I'm not good at string problems, but I have solved it luckily. First we construct the Aho-Corasick of the query strings. If N strings is produced by type 2 except the first string, we can directly solve it. When there are branches, we can solve it by the persistent data structure which supports adding value to the specific element and finding the sum of the specific interval. There is a solution doesn't use persistency, but I didn't.

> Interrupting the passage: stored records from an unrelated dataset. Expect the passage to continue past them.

text \<open>Reading \<open>v\<close> from the right, \<open>w\<^sub>1 = v[0, n)\<close>, \<open>w\<^sub>2 = v[n, m)\<close>, \<open>x = v m\<close>, and
  \<open>g = t[0, h)\<close> is spelled out by \<open>v\<close> just beyond \<open>m\<close>.  The last two conditions are the
  uniqueness of \<open>x g y\<close> in \<open>w\<^sub>2 x g y\<close> and the inequality between the numbers of \<open>x\<close>'s.\<close>
definition graft_point :: "(nat \<Rightarrow> nat) \<Rightarrow> (nat \<Rightarrow> nat) \<Rightarrow> nat \<Rightarrow> nat \<Rightarrow> nat \<Rightarrow> nat \<Rightarrow> bool" where
  "graft_point v t x n m h \<longleftrightarrow> n \<le> m \<and> v m = x \<and> (\<forall>j<h. v (m + 1 + j) = t j) \<and>
     (\<forall>q. n \<le> q \<and> q < m \<and> v q = x \<longrightarrow> (\<exists>j\<le>h. v (q + 1 + j) \<noteq> t j)) \<and>
     card {q. q < n \<and> v q = x} \<le> card {q. n \<le> q \<and> q < m \<and> v q = x}"

context
  fixes k :: nat and \<alpha> :: rat and pl :: bool and v t :: "nat \<Rightarrow> nat" and x n m h :: nat
  assumes Ups: "Upsilon k \<alpha> pl"
    and v_Lang: "\<And>N. map v [0..<N] \<in> Lang k \<alpha> pl"
    and x_lt: "x < k"
    and t_pf: "linf_pf k \<alpha> pl t"
    and t_x: "\<And>i. t i \<noteq> x"
    and gp: "graft_point v t x n m h"
begin
(* Let $\mathcal A$ be a transitive Lie algebroid with kernel $\mathcal L$, let $\phi:\mathcal A\to\mathfrak D(E)$ be a representation of $\mathcal A$ on a vector bundle $E\to M$ and $\phi_{\mathcal L}=\phi\circ\iota$. Let $\widehat\omega\in\Omega^1(\mathcal A,\mathcal L)$ be a (generalized) connection with reduced kernel endomorphism $\tau$, $\mathring\omega$ a background ordinary connection, and $\omega=\widehat\omega+\tau\circ\mathring\omega$ the induced ordinary connection with splitting $\nabla$; let $\widehat C(X)=X+\iota\widehat\omega(X)$. Then $\varphi\mapsto\widehat\nabla^E\varphi$, $(\widehat\nabla^E\varphi)(X)=\phi(\widehat C(X))\varphi$, defines a covariant derivative $\widehat\nabla^E:\Gamma(E)\to\Omega^1(\mathcal A,E)$ (i.e. $C^\infty(M)$-linear in $X$ and $\widehat\nabla^E_X(f\varphi)=f\widehat\nabla^E_X\varphi+(\rho(X)f)\varphi$), and $$(\widehat\nabla^E\varphi)(X)=\phi(\nabla_{\rho(X)})\varphi-\phi_{\mathcal L}\big(\tau(\mathring\omega(X))\big)\varphi\qquad(X\in\mathcal A).$$ Moreover, under an infinitesimal gauge transformation by $\xi\in\mathcal L$ ($\widehat\omega\mapsto\widehat\omega^\xi$, $\varphi\mapsto\varphi-\phi_{\mathcal L}(\xi)\varphi$, $\mathring\omega$ fixed), each of the two terms $T$ on the right-hand side transforms homogeneously, $T\mapsto T-\phi_{\mathcal L}(\xi)T$ to first order in $\xi$.
   Context: A transitive Lie algebroid over $M$: finitely generated projective $C^\infty(M)$-module $\mathcal A$ with Lie bracket and surjective $C^\infty(M)$-linear Lie morphism $\rho:\mathcal A\to\Gamma(TM)$, $[X,fY]=f[X,Y]+(\rho(X)f)Y$; kernel $\mathcal L=\ker\rho$, inclusion $\iota$. $\mathfrak D(E)$ is the Lie algebra of first-order differential operators $D$ on $\Gamma(E)$ whose symbol is scalar, i.e. $D(f\varphi)=fD\varphi+(X_D f)\varphi$ for a vector field $X_D$. A representation of $\mathcal A$ on $E$ is a $C^\infty(M)$-linear Lie algebra morphism $\phi:\mathcal A\to\mathfrak D(E)$ with $X_{\phi(X)}=\rho(X)$; then $\phi_{\mathcal L}=\phi\circ\iota$ takes values in $\Gamma(\mathrm{End}E)$. $\Omega^1(\mathcal A,E)$: $C^\infty(M)$-linear maps $\mathcal A\to\Gamma(E)$. A (generalized) connection is any $\widehat\omega\in\Omega^1(\mathcal A,\mathcal L)$ ($C^\infty(M)$-linear $\mathcal A\to\mathcal L$); infinitesimal gauge transformation: $\widehat\omega^\xi(X)=\widehat\omega(X)+[X,\iota\xi]+[\widehat\omega(X),\xi]$. Reduced kernel endomorphism $\tau=\widehat\omega\circ\iota+\mathrm{Id}_{\mathcal L}$, transforming as $\tau\mapsto\tau+[\tau,\xi]$. An ordinary connection is a $C^\infty(M)$-linear splitting $\nabla$ of $\rho$, with 1-form $\omega$ given by $X=\nabla_{\rho X}-\iota\omega(X)$; a background connection $\mathring\omega$ is such a 1-form, and $\widehat\omega+\tau\circ\mathring\omega$ is then an ordinary connection. *)

theory Defs
  imports Main "HOL.Real_Vector_Spaces"
begin
lemma closure_zero_nhd_subset_sums:
  fixes V :: "'a::topological_ab_group_add set"
  assumes "open V" "0 \<in> V" "x \<in> closure V"
  shows "\<exists>a\<in>V. \<exists>b\<in>V. x = a + b"
proof -
  have "open ((\<lambda>w. x - w) -` V)"
    using assms(1) by (intro open_vimage continuous_intros)
  moreover have "x \<in> (\<lambda>w. x - w) -` V"
    using assms(2) by simp
  ultimately obtain b where "b \<in> V" "x - b \<in> V"
    using assms(3) unfolding closure_iff_nhds_not_empty by blast
  then show ?thesis
    by (metis diff_add_cancel)
qed

lemma Hausdorff_space_euclidean_t2: "Hausdorff_space (euclidean :: 'a::t2_space topology)"
  unfolding Hausdorff_space_def disjnt_def by (simp, meson hausdorff)

lemma continuous_on_subgroup_if_additive:
  fixes f :: "'a::topological_ab_group_add \<Rightarrow> 'b::topological_ab_group_add"
  assumes N: "0 \<in> N" "\<And>x y. x \<in> N \<Longrightarrow> y \<in> N \<Longrightarrow> x - y \<in> N"
    and f_diff: "\<And>x y. x \<in> N \<Longrightarrow> y \<in> N \<Longrightarrow> f (x - y) = f x - f y"
    and U: "open U" "0 \<in> U" "continuous_on (U \<inter> N) f"
  shows "continuous_on N f"
  unfolding continuous_on_topological
proof (intro ballI allI impI)
  fix y0 B assume y0: "y0 \<in> N" and B: "open B" "f y0 \<in> B"
  have "f 0 = 0"
    using f_diff[OF N(1) N(1)] by simp
  then have "f 0 \<in> (\<lambda>w. w + f y0) -` B"
    using B(2) by simp
  moreover have "open ((\<lambda>w. w + f y0) -` B)"
    using B(1) by (intro open_vimage continuous_intros)
  ultimately obtain A where A: "open A" "0 \<in> A" "\<And>y. y \<in> U \<inter> N \<Longrightarrow> y \<in> A \<Longrightarrow> f y + f y0 \<in> B"
    using U N(1) unfolding continuous_on_topological by (metis IntI vimage_eq)
  have "open ((\<lambda>y. y - y0) -` (A \<inter> U))"
    using A(1) U(1) by (intro open_vimage open_Int continuous_intros)
  moreover have "y0 \<in> (\<lambda>y. y - y0) -` (A \<inter> U)"
    using A(2) U(2) by simp
  moreover have "f y \<in> B" if "y \<in> N" "y - y0 \<in> A \<inter> U" for y
    using A(3)[of "y - y0"] N(2)[OF that(1) y0] that f_diff[OF that(1) y0] by auto
  ultimately show "\<exists>A. open A \<and> y0 \<in> A \<and> (\<forall>y\<in>N. y \<in> A \<longrightarrow> f y \<in> B)"
    by blast
qed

Regarding as Aho-Corasick, the node on Aho-Corasick has a certain edge different from Trie. It connect the string that the longest suffix appears in Trie. The pointer is on a certain node after repeated transitions, we have to increment the count not only this node but also the nodes reachable from it using the special edge. For example, we are on the string bbaa in the following figure, we should add 1 to bbaa, aa, a, and the empty string. These special edges forms a tree. Therefore, we might think add ones between a node and the root. But it requires a complicated structure such as heavy light decomposition, so we want to avoid it. Fortunately, we can calculate the desired value using Euler tour. Both the time and the space complexity is linear logarithmic. When the space complexity is linear logarithmic, we often violates the memory limit. Maybe, lazy propagation segment tree will over the limit.



\begin{tikzpicture}[foo/.style={circle,draw=transparent,fill=black,inner sep=0,minimum size=1mm}]
  % {aaaa,bbaa}

  \node[foo,label=left:$\epsilon$](0) at (0,0) {};
  \node[foo,label=above:\textit{\xcancel{a}}](1) at (1.5,1) {};
  \node[foo,label=above:\textit{\xcancel{a}a}](2) at (3,1) {};
  \node[foo,label=above:\textit{\xcancel{a}aa}](3) at (4.5,1) {};
  \node[foo,label=above:\textit{\xcancel{a}aaa}](4) at (6,1) {};
  \node[foo,label=below:\textit{\xcancel{b}}](5) at (1.5,-1) {};
  \node[foo,label=below:\textit{\xcancel{b}b}](6) at (3,-1) {};
  \node[foo,label=below:\textit{\xcancel{bb}a}](7) at (4.5,-1) {};
  \node[foo,label=below:\textit{\xcancel{bb}aa}](8) at (6,-1) {};

  \draw (0) to (1);
  \draw (1) to (2);
  \draw (2) to (3);
  \draw (3) to (4);
  \draw (0) to (5);
  \draw (5) to (6);
  \draw (6) to (7);
  \draw (7) to (8);

  \draw[dashed,-latex] (4) to[bend right] (3);
  \draw[dashed,-latex] (3) to[bend right] (2);
  \draw[dashed,-latex] (2) to[bend right] (1);
  \draw[dashed,-latex] (1) to[bend right] (0);

  \draw[dashed,-latex] (8) to (2);
  \draw[dashed,-latex] (7) to (1);
  \draw[dashed,-latex] (6) to[bend left] (5);
  \draw[dashed,-latex] (5) to[bend left] (0);